▶ **Problem statement**: Give again, word for word, every line in the entries below from the line with "then show ?thesis using fun_cong[OF" up to and including the line with "proof (rule card_mono)", and no other line.

▶ **Supplied records**:

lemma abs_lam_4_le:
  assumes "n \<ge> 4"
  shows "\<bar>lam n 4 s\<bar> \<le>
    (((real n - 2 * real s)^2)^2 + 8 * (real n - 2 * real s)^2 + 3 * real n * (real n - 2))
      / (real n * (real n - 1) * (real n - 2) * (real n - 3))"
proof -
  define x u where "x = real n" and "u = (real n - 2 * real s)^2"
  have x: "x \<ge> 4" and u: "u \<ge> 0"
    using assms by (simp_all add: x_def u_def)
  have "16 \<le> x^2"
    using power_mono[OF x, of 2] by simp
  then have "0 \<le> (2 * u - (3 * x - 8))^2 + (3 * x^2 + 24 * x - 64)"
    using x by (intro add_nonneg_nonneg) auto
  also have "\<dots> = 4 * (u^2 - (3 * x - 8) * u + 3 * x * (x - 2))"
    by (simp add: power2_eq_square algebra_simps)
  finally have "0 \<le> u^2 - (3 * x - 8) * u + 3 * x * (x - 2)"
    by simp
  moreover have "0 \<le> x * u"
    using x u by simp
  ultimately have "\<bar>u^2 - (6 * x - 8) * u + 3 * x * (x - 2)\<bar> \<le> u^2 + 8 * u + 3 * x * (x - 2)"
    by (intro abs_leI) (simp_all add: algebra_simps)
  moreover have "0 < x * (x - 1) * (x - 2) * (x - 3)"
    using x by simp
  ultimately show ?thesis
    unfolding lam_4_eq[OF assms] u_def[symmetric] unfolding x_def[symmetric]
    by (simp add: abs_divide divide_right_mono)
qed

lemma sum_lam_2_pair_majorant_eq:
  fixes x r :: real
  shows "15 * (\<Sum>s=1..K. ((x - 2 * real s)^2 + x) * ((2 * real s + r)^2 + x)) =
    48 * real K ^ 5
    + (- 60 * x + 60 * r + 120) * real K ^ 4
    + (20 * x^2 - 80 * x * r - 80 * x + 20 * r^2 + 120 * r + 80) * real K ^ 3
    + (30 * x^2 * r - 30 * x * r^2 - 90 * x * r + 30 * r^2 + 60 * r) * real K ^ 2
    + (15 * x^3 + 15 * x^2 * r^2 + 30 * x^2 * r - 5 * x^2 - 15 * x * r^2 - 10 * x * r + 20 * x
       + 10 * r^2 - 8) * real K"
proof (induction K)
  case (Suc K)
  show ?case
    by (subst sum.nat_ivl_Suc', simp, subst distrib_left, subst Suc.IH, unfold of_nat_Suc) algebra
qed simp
...
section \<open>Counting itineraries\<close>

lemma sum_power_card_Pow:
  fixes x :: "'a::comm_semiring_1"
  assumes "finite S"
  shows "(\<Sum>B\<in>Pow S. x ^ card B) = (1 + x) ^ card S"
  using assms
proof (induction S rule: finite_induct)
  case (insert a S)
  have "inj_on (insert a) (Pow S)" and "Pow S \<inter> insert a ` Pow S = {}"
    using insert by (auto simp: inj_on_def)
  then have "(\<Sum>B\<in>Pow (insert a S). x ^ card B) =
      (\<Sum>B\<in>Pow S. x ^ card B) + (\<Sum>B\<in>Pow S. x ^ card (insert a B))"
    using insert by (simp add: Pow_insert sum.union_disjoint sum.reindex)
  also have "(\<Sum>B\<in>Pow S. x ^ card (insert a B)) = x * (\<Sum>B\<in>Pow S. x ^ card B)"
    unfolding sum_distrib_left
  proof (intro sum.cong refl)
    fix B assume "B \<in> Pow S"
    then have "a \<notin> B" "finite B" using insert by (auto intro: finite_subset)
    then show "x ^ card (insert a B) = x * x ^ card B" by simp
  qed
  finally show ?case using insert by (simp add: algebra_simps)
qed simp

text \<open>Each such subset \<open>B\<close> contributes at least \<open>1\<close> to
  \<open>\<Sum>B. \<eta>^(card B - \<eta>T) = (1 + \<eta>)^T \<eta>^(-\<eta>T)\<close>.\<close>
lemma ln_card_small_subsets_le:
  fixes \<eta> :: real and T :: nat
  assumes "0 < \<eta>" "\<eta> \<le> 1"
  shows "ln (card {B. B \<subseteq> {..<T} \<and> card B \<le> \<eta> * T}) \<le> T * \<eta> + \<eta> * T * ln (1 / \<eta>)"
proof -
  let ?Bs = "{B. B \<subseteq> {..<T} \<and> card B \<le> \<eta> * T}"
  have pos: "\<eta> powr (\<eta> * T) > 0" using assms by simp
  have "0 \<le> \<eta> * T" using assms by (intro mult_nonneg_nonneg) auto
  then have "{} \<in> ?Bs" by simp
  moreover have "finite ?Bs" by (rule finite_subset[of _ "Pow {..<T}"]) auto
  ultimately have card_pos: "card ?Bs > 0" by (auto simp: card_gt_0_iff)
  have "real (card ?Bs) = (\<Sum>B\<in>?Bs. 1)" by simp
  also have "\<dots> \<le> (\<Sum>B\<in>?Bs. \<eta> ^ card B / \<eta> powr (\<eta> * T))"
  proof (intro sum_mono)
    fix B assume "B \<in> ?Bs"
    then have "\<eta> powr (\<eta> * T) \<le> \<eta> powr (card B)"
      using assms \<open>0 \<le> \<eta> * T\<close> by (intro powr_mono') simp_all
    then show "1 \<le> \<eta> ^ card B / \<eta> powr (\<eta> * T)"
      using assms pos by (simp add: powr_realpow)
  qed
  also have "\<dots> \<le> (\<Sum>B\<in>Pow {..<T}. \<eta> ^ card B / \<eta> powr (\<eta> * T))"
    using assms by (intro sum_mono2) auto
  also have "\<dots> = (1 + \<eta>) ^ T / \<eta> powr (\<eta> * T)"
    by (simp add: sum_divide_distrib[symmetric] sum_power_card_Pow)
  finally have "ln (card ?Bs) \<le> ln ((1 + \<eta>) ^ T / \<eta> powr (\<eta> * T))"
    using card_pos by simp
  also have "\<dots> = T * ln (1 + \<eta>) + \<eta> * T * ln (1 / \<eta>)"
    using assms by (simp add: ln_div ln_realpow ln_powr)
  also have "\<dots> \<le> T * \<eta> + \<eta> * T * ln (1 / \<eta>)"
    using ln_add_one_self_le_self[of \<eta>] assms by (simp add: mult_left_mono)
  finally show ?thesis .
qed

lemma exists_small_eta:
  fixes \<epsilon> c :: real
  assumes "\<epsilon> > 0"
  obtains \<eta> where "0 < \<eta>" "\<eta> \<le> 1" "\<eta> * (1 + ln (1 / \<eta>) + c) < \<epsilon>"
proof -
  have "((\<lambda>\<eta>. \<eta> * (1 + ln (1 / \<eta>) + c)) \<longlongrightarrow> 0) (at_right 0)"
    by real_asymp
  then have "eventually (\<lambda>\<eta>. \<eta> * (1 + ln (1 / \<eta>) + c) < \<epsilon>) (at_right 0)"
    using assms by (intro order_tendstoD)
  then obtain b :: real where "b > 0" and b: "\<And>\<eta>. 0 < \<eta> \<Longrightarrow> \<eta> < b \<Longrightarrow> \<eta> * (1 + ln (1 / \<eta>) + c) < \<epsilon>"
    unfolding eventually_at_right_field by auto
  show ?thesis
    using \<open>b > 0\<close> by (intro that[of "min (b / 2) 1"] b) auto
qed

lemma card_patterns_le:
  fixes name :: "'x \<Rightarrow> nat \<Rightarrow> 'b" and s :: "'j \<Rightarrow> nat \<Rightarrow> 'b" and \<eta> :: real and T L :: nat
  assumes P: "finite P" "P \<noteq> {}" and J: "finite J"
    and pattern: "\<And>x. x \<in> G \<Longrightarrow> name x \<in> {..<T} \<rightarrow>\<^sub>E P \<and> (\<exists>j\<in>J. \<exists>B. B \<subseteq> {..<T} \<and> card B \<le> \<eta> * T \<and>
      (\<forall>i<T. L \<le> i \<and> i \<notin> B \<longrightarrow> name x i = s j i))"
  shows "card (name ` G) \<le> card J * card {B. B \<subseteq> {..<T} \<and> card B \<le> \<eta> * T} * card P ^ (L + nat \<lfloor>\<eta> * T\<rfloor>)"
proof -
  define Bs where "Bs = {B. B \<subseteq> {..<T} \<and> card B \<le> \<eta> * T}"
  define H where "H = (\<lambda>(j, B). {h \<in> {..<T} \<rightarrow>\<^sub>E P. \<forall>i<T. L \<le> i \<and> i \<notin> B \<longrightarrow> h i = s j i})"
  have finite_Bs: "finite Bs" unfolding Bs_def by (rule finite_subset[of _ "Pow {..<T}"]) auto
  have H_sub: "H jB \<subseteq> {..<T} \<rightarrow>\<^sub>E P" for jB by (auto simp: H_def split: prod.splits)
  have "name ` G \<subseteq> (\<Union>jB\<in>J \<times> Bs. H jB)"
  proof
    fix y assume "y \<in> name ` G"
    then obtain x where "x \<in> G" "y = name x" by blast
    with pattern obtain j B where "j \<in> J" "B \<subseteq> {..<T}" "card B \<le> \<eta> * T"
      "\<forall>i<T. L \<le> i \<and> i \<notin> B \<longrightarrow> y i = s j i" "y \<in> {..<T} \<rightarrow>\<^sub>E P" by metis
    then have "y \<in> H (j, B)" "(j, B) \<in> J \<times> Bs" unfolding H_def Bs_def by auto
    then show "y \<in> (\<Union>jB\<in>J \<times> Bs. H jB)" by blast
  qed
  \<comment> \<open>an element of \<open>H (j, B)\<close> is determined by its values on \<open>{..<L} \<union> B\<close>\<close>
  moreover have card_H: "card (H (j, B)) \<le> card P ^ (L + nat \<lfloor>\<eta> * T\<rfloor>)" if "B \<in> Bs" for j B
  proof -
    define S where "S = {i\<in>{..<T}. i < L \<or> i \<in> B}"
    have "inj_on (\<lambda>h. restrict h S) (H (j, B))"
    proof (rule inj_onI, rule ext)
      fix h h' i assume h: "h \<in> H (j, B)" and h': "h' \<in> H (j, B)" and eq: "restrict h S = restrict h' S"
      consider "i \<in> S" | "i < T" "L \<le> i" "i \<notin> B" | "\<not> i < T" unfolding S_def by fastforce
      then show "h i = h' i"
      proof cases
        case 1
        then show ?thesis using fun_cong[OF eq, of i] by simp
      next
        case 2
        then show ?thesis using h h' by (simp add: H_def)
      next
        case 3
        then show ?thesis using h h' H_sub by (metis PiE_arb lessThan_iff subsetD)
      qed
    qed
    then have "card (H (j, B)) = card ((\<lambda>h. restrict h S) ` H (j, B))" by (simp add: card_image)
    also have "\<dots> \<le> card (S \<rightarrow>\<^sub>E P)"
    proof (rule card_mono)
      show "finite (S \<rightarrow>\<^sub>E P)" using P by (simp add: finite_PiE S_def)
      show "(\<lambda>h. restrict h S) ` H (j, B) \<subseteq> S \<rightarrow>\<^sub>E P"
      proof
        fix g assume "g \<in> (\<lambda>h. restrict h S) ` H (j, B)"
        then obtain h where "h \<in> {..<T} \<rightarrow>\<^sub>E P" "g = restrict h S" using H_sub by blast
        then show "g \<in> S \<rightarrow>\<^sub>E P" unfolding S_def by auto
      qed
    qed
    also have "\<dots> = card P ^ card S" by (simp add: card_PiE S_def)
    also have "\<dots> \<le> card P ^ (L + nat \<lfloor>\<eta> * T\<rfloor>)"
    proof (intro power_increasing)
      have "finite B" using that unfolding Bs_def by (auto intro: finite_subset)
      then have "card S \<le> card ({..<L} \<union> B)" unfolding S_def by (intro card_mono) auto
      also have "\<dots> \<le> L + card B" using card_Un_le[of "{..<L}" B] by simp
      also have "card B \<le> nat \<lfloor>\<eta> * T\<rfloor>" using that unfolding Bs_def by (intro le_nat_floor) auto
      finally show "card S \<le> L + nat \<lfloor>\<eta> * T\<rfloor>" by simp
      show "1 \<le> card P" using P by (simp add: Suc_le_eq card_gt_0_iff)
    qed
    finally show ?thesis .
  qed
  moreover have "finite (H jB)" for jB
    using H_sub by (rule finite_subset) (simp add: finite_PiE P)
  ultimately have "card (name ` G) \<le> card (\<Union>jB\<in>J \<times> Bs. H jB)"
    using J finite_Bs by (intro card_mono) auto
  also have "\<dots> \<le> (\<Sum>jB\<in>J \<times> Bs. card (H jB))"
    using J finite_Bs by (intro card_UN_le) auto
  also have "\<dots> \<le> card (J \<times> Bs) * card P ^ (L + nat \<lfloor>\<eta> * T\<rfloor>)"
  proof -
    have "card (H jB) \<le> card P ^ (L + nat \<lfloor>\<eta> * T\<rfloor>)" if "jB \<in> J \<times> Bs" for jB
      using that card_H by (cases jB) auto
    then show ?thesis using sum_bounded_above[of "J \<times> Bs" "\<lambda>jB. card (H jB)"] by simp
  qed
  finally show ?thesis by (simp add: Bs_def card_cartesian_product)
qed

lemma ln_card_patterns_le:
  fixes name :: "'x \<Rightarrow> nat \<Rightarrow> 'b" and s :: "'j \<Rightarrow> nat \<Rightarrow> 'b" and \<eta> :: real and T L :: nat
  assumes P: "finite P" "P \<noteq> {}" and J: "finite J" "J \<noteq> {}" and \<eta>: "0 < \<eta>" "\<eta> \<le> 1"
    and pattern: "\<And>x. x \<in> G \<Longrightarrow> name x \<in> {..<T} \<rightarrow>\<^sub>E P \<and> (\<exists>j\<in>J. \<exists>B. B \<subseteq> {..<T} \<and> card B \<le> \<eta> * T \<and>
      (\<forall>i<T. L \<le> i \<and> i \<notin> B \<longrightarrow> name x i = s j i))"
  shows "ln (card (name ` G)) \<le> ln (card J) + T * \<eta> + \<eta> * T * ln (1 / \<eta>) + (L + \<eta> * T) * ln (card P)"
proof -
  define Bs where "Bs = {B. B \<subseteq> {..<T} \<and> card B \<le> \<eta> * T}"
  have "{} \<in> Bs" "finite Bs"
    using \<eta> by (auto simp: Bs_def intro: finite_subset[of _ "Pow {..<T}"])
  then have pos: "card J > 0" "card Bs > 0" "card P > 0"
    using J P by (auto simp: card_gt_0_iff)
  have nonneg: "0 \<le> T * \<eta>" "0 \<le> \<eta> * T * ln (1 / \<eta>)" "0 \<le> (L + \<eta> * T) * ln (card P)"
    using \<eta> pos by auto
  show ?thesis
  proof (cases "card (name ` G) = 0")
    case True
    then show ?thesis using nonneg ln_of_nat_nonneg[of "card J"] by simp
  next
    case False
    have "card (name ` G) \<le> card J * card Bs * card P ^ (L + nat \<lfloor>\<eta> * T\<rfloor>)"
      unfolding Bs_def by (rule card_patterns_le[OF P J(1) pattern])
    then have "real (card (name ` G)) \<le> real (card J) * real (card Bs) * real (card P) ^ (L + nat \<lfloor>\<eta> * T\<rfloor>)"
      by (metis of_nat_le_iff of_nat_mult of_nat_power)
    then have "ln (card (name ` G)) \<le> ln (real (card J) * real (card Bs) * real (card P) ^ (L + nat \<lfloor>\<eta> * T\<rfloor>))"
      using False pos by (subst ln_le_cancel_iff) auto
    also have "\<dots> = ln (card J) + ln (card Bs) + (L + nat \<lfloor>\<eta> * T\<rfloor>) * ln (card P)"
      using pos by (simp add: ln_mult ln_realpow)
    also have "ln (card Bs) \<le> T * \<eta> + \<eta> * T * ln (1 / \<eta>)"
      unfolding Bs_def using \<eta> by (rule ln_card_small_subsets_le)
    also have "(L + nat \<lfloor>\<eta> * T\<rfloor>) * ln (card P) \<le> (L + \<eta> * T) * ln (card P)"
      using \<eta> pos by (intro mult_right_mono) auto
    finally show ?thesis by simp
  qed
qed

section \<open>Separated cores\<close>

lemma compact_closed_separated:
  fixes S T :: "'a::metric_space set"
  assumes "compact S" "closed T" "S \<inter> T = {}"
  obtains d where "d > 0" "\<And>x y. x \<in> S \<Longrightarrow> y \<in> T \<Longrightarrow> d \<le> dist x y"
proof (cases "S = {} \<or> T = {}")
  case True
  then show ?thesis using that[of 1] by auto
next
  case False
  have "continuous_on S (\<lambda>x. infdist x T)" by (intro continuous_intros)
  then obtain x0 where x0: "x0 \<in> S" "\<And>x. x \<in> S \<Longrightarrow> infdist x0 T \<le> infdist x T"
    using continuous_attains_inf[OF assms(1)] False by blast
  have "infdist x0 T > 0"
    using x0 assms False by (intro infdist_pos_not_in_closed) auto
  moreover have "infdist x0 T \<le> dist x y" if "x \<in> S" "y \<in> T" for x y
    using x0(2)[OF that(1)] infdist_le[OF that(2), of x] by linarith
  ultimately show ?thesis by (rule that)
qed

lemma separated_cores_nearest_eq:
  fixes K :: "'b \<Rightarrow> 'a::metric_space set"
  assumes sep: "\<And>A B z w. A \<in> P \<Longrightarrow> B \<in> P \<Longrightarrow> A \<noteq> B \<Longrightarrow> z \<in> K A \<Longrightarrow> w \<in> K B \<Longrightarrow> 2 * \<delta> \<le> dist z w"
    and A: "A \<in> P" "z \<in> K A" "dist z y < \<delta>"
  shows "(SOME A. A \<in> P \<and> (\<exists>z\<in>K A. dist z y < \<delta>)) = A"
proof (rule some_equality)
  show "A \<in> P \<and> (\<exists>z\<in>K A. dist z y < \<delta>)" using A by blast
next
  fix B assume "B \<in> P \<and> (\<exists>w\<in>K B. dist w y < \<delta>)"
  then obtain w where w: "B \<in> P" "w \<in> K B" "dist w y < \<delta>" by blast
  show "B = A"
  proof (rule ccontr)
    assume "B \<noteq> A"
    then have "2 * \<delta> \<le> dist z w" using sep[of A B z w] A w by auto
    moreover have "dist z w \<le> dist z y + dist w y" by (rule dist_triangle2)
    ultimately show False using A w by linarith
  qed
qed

▶ **Solution below**:
        then show ?thesis using fun_cong[OF eq, of i] by simp
      next
        case 2
        then show ?thesis using h h' by (simp add: H_def)
      next
        case 3
        then show ?thesis using h h' H_sub by (metis PiE_arb lessThan_iff subsetD)
      qed
    qed
    then have "card (H (j, B)) = card ((\<lambda>h. restrict h S) ` H (j, B))" by (simp add: card_image)
    also have "\<dots> \<le> card (S \<rightarrow>\<^sub>E P)"
    proof (rule card_mono)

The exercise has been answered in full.